De
um bravo Ministro do Supremo Tribunal Federal, anos atrás ganhei um livro do
jurista italiano Luigi Ferrajoli e a crença de que o século 21 seria o século
do Judiciário, trazendo luzes, direitos, sede de Justiça, o poder
contra-hegemônico levando a justiça às minorias e aos órfaos da política.
O
Século 20 havia sido o do Legislativo, no início impondo o poder da maioria
sobre os direitos das minorias, insuflado por massas ululantes e levando ao
poder ditadores terríveis. Depois da Segunda Guerra, as maiorias legislativas
acabaram sendo contidas por constituições, que definiam princípios
civilizatórios e limites que não poderiam ser ultrapassados pela
legislação comum, impedindo golpes de Estado de maiorias eventuais.
Agora,
com o Século do Judiciário, o que se vê, em nível global, é o arbítrio sendo
exercido de uma forma inédita justamente pelo poder incumbido de trazer as
luzes. A desmoralização da democracia representativa, dos partidos políticos, a
ampliação da cooperação internacional, fizeram com que Ministérios Públicos e
Judiciários de vários países passassem a instrumentalizar seus poderes
constitucionais, cometendo toda sorte de abusos e sendo alimentados pela malta
que passou a vociferar através das redes sociais.
Os
casos de multiplicam. No Japão, o franco-brasileiro Carlos Ghosn está sendo
submetido a uma perseguição implacável do MP japonês, mantido isolado na
prisão, sem direito de se comunicar com o exterior e sem acesso aos autos para
se defender. E tudo tendo como pano de fundo a disputa entre franceses e
japoneses pelo controle de uma empresa automobilística.
No
Canadá, o MP foi acionado pelos Estados Unidos para prender a filha do dono da
Huawei, como instrumento da guerra tecnológica pelo desenvolvimento do 5G.
Em
Portugal, o ex-primeiro ministro José Sócrates foi submetido a um ano de
massacre pela parceria dos procuradores portugueses com a imprensa. Depois,
permaneceu um ano preso sem culpa formada.
Nos
Estados Unidos, alguns juizes e procuradores se aliaram a escritórios de
advocacia e empresas de auditoria para criar uma indústria do compliance,
arrancando bilhões da economia produtiva para a economia improdutiva que se
instalou.

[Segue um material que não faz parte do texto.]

lemma (in fano_free_7_30) iso_B7_or_J7_if_nonedges_share_pair:
  assumes A: "A \<in> triples V - E" and B: "B \<in> triples V - E" and AB: "card (A \<inter> B) = 2"
  shows "iso_hg V E V7 B7 \<or> iso_hg V E V7 J7"
proof -
  obtain a b where ab: "A \<inter> B = {a, b}" "a \<noteq> b" using AB by (auto simp: card_2_iff)
  have "card A = 3" "card B = 3" "A \<subseteq> V" "B \<subseteq> V" using A B by (auto simp: triples_def)
  obtain c where A_eq: "A = {a, b, c}" "c \<noteq> a" "c \<noteq> b"
    using card_3_ex_third[OF \<open>card A = 3\<close>] ab by blast
  obtain d where B_eq: "B = {a, b, d}" "d \<noteq> a" "d \<noteq> b"
    using card_3_ex_third[OF \<open>card B = 3\<close>] ab by blast
  have "c \<noteq> d"
  proof
    assume "c = d"
    then have "A \<inter> B = A" using A_eq B_eq by blast
    then show False using AB \<open>card A = 3\<close> by simp
  qed
  then have "distinct [a, b, c, d]" "set [a, b, c, d] \<subseteq> V"
    using ab A_eq B_eq \<open>A \<subseteq> V\<close> \<open>B \<subseteq> V\<close> by auto
  then obtain g where g: "bij_betw g V V7" "map g [a, b, c, d] = [1..<Suc (length [a, b, c, d])]"
    by (rule relabel_numbering)
  then have "g a = 1" "g b = 2" "g c = 3" "g d = 4" by (simp_all add: upt_rec)
  then have "g ` A = {1,2,3}" "g ` B = {1,2,4}" using A_eq B_eq by auto
  moreover have "g ` A \<notin> hg_image g E" "g ` B \<notin> hg_image g E"
    using image_in_nonedges_hg_image[OF g(1) edges_subset_Pow] A B by auto
  ultimately have "hg_image g E = J7 \<or> iso_hg V7 (hg_image g E) V7 B7"
    using fano_free_7_30_V7_J7_or_B7[OF relabel[OF g(1)]] by simp
  moreover have "iso_hg V E V7 (hg_image g E)" by (rule iso_hg_hg_image[OF g(1)])
  ultimately show ?thesis using iso_hg_trans by auto
qed

theorem lemma2p2:
  fixes V :: "'a set" and E :: "'a set set"
  assumes "uniform3 V E"
    and "card V = 7"
    and "card E = 30"
    and "\<not> contains_hg V E V7 fano"
  shows "iso_hg V E V7 B7 \<or> iso_hg V E V7 J7"
proof -
  interpret fano_free_7_30 V E using assms by unfold_locales
  obtain A B where "A \<in> triples V - E" "B \<in> triples V - E" "card (A \<inter> B) = 2"
    using ex_nonedges_sharing_pair by blast
  then show ?thesis by (rule iso_B7_or_J7_if_nonedges_share_pair)
qed

end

A última vítima foi a Petrobras.
No
Peru, a perseguição da Lava Jato local levou um ex-presidente ao suicídio.
País
sem tradição democrática, o Brasil comprometeu a própria democracia, tendo como
episódios trágicos o impeachment e a prisão política de Lula. O plantio
pertinaz das sementes do arbítrio não foram praticadas por jovens
procuradores concurseiros, mas por Ministros do STF, como Joaquim Barbosa,
Ayres Brito, Carmen Lúcia, o indizível Luís Roberto Barroso, de Procuradores
Gerais, como Antonio Fernando de Souza, Roberto Gurgel, Rodrigo Janot, todos
encantados com seus novos poderes, e sem um pingo de responsabilidade em
relação à Constituição, às leis, ao país. E, principalmente, devido à cegueira
generalizada da mídia, só percebendo o monstro que criara quando de suas
entranhas nasceu essa figura pública disforme de nome Jair Bolsonaro.
O
século do Judiciário gerou a maior ameaça à democracia desde a
ascensão do nazismo. A lógica é a mesma: a legitimação dada pelo clamor das
turbas, derrubando leis, Constituição, calando os críticos, exterminando as
oposições e impondo o populismo penal, sem freios nem contrapesos. E com
procuradores se comportando como milícias vingadoras, sem estarem submetidos a
nenhuma forma de freio.
Hoje
o Brasil está mergulhado em uma luta entre corporações, com o caos
institucional se espalhando por todos os poros do Estado.
Espera-se
que, vendo a bocarra escancarada da barbárie, Ministros, juízes, procuradores,
políticos, jornalistas de bom senso acordem a tempo de evitar o caos final.